→ **RECORDS SHOWN**:
==*==

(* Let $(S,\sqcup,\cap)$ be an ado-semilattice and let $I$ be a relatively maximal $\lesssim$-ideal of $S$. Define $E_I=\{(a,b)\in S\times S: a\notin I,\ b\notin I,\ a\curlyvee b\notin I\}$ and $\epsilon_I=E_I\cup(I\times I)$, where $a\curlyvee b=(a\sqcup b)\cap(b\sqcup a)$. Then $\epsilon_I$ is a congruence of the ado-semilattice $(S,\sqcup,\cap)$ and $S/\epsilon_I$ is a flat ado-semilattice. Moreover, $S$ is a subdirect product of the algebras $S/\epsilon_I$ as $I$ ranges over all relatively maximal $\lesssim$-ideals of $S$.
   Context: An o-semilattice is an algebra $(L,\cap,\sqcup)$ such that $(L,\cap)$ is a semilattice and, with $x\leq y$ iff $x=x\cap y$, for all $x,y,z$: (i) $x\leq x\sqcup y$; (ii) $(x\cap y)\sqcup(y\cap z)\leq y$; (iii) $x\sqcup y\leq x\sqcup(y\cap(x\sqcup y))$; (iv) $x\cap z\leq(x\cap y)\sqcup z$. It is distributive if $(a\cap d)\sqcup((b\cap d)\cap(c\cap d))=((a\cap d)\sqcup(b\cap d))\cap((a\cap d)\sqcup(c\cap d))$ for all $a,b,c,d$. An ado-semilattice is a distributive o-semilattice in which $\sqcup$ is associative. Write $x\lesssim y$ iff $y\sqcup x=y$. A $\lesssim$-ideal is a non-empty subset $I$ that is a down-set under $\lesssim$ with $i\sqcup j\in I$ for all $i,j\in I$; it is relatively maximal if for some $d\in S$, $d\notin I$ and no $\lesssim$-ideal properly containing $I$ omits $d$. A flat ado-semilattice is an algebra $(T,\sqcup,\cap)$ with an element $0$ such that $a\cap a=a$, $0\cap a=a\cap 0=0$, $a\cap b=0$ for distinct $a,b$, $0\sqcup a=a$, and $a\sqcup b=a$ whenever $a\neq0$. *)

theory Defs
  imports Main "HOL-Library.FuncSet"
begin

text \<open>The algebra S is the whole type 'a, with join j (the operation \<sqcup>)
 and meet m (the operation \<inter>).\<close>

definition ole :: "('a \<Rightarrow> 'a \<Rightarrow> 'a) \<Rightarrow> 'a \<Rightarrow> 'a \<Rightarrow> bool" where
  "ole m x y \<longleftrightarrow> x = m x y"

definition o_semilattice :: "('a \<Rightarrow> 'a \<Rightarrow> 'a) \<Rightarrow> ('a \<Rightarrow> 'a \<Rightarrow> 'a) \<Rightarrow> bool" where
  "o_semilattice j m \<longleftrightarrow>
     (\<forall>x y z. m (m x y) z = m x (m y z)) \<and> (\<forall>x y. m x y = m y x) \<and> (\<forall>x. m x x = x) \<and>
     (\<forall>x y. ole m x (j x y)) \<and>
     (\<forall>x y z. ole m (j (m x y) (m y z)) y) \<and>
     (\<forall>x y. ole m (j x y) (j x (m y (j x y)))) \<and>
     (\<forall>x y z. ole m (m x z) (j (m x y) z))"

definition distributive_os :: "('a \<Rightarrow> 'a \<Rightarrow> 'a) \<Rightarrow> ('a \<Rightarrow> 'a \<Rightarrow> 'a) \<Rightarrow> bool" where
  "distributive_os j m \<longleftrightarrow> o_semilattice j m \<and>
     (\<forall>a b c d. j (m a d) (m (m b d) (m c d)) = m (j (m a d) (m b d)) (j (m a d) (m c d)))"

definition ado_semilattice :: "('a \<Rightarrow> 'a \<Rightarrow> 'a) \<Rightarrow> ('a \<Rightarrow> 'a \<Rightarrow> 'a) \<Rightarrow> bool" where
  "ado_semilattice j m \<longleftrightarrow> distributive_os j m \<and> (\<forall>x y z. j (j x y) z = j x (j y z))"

==*==

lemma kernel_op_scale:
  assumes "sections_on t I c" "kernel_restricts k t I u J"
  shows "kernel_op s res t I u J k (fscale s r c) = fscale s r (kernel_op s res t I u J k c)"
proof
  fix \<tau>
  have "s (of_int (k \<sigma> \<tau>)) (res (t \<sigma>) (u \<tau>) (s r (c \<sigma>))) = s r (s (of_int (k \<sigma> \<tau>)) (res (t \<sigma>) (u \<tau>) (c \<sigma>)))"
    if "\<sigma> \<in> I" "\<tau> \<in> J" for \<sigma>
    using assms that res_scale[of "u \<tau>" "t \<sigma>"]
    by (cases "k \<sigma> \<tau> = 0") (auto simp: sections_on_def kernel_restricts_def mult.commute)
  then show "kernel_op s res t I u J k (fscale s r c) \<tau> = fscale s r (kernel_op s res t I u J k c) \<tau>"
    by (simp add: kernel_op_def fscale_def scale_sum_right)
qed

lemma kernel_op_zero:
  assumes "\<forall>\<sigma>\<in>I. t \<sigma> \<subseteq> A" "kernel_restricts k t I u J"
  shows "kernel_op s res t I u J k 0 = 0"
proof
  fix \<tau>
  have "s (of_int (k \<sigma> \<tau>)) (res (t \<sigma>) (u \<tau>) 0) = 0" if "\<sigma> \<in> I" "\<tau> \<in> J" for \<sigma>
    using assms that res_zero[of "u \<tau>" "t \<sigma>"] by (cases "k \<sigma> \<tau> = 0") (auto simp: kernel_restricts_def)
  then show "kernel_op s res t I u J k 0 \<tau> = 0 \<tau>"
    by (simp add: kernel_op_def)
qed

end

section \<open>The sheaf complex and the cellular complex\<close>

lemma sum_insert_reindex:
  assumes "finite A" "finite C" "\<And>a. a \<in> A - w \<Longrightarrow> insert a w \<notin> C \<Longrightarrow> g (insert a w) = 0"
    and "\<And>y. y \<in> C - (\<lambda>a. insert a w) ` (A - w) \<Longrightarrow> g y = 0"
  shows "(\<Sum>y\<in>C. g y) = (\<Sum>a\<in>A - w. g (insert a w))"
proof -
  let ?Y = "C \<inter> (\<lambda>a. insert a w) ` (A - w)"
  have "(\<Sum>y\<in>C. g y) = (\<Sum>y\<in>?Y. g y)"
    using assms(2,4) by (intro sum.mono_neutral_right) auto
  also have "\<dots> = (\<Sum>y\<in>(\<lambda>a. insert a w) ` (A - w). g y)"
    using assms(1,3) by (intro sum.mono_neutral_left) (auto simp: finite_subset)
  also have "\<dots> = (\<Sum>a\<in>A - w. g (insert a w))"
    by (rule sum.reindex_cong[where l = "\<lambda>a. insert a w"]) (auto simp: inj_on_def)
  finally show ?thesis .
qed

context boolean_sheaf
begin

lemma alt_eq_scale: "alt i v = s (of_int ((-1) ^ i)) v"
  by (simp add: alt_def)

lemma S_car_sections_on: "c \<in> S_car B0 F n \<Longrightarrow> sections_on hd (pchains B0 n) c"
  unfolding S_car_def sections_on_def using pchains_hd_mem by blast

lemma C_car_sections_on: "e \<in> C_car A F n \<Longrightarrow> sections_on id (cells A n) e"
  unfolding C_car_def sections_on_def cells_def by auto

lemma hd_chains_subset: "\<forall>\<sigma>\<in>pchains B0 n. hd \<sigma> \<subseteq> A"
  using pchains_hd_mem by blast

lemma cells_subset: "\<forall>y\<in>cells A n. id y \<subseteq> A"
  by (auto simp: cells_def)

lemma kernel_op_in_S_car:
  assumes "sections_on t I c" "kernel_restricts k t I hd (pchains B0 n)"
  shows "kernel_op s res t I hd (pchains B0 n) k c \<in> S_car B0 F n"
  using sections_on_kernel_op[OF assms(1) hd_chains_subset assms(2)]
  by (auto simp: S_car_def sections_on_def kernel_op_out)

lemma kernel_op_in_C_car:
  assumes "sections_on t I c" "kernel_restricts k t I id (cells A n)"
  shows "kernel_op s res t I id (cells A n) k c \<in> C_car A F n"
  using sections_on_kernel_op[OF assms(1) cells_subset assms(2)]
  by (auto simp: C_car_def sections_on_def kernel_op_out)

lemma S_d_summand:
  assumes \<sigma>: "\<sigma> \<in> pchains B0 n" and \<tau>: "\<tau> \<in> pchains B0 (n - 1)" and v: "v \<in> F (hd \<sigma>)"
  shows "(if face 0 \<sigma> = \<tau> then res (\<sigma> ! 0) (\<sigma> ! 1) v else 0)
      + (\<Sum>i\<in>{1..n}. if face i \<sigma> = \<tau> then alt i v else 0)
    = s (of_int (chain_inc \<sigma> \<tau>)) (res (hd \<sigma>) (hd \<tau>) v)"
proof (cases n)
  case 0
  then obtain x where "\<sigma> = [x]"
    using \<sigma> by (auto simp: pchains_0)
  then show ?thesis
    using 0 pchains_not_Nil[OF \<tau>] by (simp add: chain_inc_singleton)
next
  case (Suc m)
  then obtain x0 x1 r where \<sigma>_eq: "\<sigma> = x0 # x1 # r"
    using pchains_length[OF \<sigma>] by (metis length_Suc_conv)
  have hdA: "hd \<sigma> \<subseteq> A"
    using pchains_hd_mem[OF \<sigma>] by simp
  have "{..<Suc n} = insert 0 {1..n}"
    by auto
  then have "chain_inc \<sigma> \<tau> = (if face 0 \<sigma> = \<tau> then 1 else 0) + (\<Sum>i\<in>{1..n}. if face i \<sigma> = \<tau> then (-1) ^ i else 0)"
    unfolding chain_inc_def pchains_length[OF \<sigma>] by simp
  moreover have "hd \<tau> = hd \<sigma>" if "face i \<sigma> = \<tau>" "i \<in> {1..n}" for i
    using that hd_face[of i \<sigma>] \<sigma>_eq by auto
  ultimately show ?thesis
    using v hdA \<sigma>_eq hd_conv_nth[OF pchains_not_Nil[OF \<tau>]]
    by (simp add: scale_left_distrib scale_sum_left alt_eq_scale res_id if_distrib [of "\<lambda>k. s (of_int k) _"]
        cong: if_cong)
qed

==*==

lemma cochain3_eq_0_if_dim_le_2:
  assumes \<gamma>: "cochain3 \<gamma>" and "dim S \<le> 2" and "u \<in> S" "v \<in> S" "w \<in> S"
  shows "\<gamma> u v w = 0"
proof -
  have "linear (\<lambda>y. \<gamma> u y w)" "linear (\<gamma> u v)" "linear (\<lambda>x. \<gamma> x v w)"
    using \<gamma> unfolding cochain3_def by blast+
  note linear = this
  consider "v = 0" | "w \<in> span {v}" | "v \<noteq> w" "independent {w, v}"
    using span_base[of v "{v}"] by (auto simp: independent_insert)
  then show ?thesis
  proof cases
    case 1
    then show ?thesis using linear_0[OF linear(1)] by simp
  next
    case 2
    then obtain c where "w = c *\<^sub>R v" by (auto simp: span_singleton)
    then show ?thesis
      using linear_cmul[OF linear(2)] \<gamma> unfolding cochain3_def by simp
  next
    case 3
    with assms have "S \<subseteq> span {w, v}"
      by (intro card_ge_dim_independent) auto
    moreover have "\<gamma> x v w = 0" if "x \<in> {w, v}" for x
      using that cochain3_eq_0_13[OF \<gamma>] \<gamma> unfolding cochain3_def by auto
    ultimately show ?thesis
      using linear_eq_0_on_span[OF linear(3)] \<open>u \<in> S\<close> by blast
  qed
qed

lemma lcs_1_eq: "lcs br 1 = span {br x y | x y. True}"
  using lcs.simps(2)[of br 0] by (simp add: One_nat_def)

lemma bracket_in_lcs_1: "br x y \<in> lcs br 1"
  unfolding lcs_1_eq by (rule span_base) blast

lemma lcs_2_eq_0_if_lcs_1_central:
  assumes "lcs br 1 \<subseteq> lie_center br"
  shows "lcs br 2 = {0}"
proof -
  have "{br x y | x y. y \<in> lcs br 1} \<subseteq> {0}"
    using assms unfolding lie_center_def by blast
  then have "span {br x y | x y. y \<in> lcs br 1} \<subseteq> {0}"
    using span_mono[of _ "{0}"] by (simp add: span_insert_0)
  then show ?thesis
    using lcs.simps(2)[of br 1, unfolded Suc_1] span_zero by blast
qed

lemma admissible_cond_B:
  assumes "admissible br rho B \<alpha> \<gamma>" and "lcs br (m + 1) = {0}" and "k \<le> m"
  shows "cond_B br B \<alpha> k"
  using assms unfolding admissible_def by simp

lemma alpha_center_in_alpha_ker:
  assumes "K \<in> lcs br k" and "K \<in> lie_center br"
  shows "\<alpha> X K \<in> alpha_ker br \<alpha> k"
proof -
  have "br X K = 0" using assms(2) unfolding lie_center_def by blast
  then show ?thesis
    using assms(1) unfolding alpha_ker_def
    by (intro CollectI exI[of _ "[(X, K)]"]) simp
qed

==*==

→ **EXERCISE PROMPT**: Look through the entries and return every line where "open" appears.

→ **PROBLEM SOLUTION**:
text \<open>The algebra S is the whole type 'a, with join j (the operation \<sqcup>)
section \<open>The sheaf complex and the cellular complex\<close>
      using linear_eq_0_on_span[OF linear(3)] \<open>u \<in> S\<close> by blast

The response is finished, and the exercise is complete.